Unrag
Chunking

Hierarchical Chunking

Section-first chunking that preserves header context in every chunk.

When you chunk a long document, individual chunks can lose their place. A chunk containing "Set the timeout to 5000" might be perfectly clear in context—but in isolation, which timeout? For which feature? In what part of the system? The information is technically present, but the context that makes it useful is gone.

Hierarchical chunking addresses this by prepending section headers to every chunk. If a chunk comes from "Configuration > Timeouts > Request Settings," that path appears at the top of the chunk. When the chunk is retrieved, the user (or the LLM using it) immediately knows where this information fits in the larger document.

How it differs from markdown chunking

Both hierarchical and markdown chunking understand document structure. Both split at headings and keep code blocks intact. The difference is what happens when a section is large enough to require multiple chunks.

With markdown chunking, only the first chunk of a section includes the heading. Subsequent chunks from the same section start with prose. If the Configuration section splits into three chunks, only the first says "## Configuration."

With hierarchical chunking, every chunk includes the heading. All three chunks from Configuration start with "## Configuration." This makes each chunk self-documenting. You can look at any single chunk and know exactly what section it came from.

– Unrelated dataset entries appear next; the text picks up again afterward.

(* Let $H:\mathbb{R}^{2m}\to\mathbb{R}$ be smooth and consider the canonical Hamiltonian system $\dot x^k=\partial H/\partial p^k$, $\dot p^k=-\partial H/\partial x^k$ ($k=1,\dots,m$). Let $\bar y=(\bar x,\bar p)\in\mathbb{R}^{2m}$ be such that $F'$ is invertible, where $$F'=\begin{pmatrix}H_{px}&H_{pp}\\ -H_{xx}&-H_{xp}\end{pmatrix}=SH_{yy}\quad\text{evaluated at }\bar y.$$ Consider the scheme $$y_{n+1}-y_n=\theta_n\,S\,\bar\nabla_sH(y_n,y_{n+1}),\qquad \theta_n=2(F')^{-1}\tanh\frac{h_nF'}{2}.$$ This scheme is locally exact at $\bar y$.
   Context: Notation: - $y=(x,p)\in\mathbb{R}^{2m}$, $y_n=(x_n,p_n)$, and $h_n$ is the time step. - $S=\begin{pmatrix}0&1\\-1&0\end{pmatrix}$ with $m\times m$ blocks. - $H_{xx},H_{xp},H_{px},H_{pp}$ are the $m\times m$ blocks of the Hessian $H_{yy}$. - $F=SH_y=(H_p,-H_x)^T$ at $\bar y$. $\bar\nabla_sH(y_n,y_{n+1})=\tfrac12\big(\bar\nabla H(y_n,y_{n+1})+\bar\nabla H(y_{n+1},y_n)\big)$ is the symmetrized coordinate increment discrete gradient, where $\bar\nabla H$ has components $$\frac{\Delta H}{\Delta y^j}=\frac{H(\hat y^j_n)-H(\hat y^{j-1}_n)}{y^j_{n+1}-y^j_n},\qquad \hat y^j_n=(y^1_{n+1},\dots,y^j_{n+1},y^{j+1}_n,\dots,y^{2m}_n),$$ with the partial derivative as limit when $y^j_{n+1}=y^j_n$. The exact discretization of the linearized system $\dot\nu=F'\nu+F$ (with $\nu=y-\bar y$) is $\nu_{n+1}=e^{h_nF'}\nu_n+(e^{h_nF'}-1)(F')^{-1}F$. The linearization of the scheme at $\bar y$ is obtained as follows: - substitute $y_n=\bar y+\nu_n$ and $y_{n+1}=\bar y+\nu_{n+1}$; - keep $\theta_n$ fixed at its value at $\bar y$; - keep terms to first order in $\nu$. The scheme is locally exact at $\bar y$ if the resulting linear relation coincides with the exact discretization, as a relation determining $\nu_{n+1}$ from $\nu_n$. *)

theory Defs
  imports "HOL-Analysis.Analysis"
begin

text \<open>Phase space R^(2m) is modelled as real^('m + 'm): the coordinate Inl k is x^k,
  the coordinate Inr k is p^k (k ranging over the finite, linearly ordered index type 'm).\<close>

definition partial :: "(real^'n \<Rightarrow> real) \<Rightarrow> 'n::finite \<Rightarrow> real^'n \<Rightarrow> real" where
  "partial H c y = frechet_derivative H (at y) (axis c 1)"

fun iter_partial :: "'n::finite list \<Rightarrow> (real^'n \<Rightarrow> real) \<Rightarrow> real^'n \<Rightarrow> real" where
  "iter_partial [] H = H"
| "iter_partial (c # cs) H = partial (iter_partial cs H) c"

definition smooth :: "(real^'n::finite \<Rightarrow> real) \<Rightarrow> bool" where
  "smooth H \<longleftrightarrow> (\<forall>cs y. iter_partial cs H differentiable (at y))"

definition grad :: "(real^'n::finite \<Rightarrow> real) \<Rightarrow> real^'n \<Rightarrow> real^'n" where
  "grad H y = (\<chi> c. partial H c y)"

definition hessian :: "(real^'n::finite \<Rightarrow> real) \<Rightarrow> real^'n \<Rightarrow> real^'n^'n" where
  "hessian H y = jacobian (grad H) (at y)"

definition Smat :: "real^('m::finite + 'm)^('m + 'm)" where
  "Smat = (\<chi> i j. case (i, j) of
              (Inl a, Inr b) \<Rightarrow> (if a = b then 1 else 0)
            | (Inr a, Inl b) \<Rightarrow> (if a = b then -1 else 0)
            | _ \<Rightarrow> 0)"

text \<open>Ordering of the 2m coordinates: y^1..y^2m = x^1..x^m, p^1..p^m.\<close>
definition coords :: "('m::{finite,linorder} + 'm) list" where
  "coords = map Inl (sorted_list_of_set UNIV) @ map Inr (sorted_list_of_set UNIV)"

text \<open>hat y^j: first j coordinates from b (= y_(n+1)), the rest from a (= y_n).\<close>
definition yhat :: "nat \<Rightarrow> real^('m::{finite,linorder} + 'm) \<Rightarrow> real^('m + 'm) \<Rightarrow> real^('m + 'm)" where
  "yhat j a b = (\<chi> c. if c \<in> set (take j coords) then b $ c else a $ c)"

text \<open>Coordinate increment discrete gradient; the component belonging to the j-th
  coordinate (j = k+1) is the divided difference, or the partial derivative in the limit case.\<close>
definition dgrad :: "(real^('m::{finite,linorder} + 'm) \<Rightarrow> real)
     \<Rightarrow> real^('m + 'm) \<Rightarrow> real^('m + 'm) \<Rightarrow> real^('m + 'm)" where
  "dgrad H a b = (\<Sum>k<length (coords::('m + 'm) list).
     (let c = coords ! k in
       (if b $ c \<noteq> a $ c
        then (H (yhat (Suc k) a b) - H (yhat k a b)) / (b $ c - a $ c)
        else partial H c (yhat k a b))) *\<^sub>R axis (coords ! k) 1)"

definition dgrad_s :: "(real^('m::{finite,linorder} + 'm) \<Rightarrow> real)
     \<Rightarrow> real^('m + 'm) \<Rightarrow> real^('m + 'm) \<Rightarrow> real^('m + 'm)" where
  "dgrad_s H a b = (1/2) *\<^sub>R (dgrad H a b + dgrad H b a)"

fun matpow :: "real^'n^'n \<Rightarrow> nat \<Rightarrow> real^'n^'n" where
  "matpow A 0 = mat 1"
| "matpow A (Suc k) = A ** matpow A k"

definition mexp :: "real^'n^'n \<Rightarrow> real^'n^'n" where
  "mexp A = (\<Sum>k. (1 / fact k) *\<^sub>R matpow A k)"

definition msinh :: "real^'n^'n \<Rightarrow> real^'n^'n" where
  "msinh A = (1/2) *\<^sub>R (mexp A - mexp (- A))"

definition mcosh :: "real^'n^'n \<Rightarrow> real^'n^'n" where
  "mcosh A = (1/2) *\<^sub>R (mexp A + mexp (- A))"

definition mtanh :: "real^'n^'n \<Rightarrow> real^'n^'n" where
  "mtanh A = msinh A ** matrix_inv (mcosh A)"

end

theory Submission
  imports Defs
begin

The tradeoff is token overhead. Prepending headers to every chunk uses some of your token budget. A "## Configuration > ### Database Settings" prefix might be 8-10 tokens. For a 512-token chunk, that's about 2% overhead—usually worth it for the context it provides.

Installation

bunx unrag add chunker:hierarchical

No additional dependencies required beyond what Unrag already provides.

Configuration

Enable hierarchical chunking in your unrag.config.ts:

export default defineUnragConfig({
  chunking: {
    method: "hierarchical",
    options: {
      chunkSize: 512,
      chunkOverlap: 50,
    },
  },
  // ...
});

How it works

The hierarchical chunker processes documents in these steps:

First, it extracts the heading structure. The chunker scans for headings at all levels (# through ######) and builds a tree representing the document's hierarchy.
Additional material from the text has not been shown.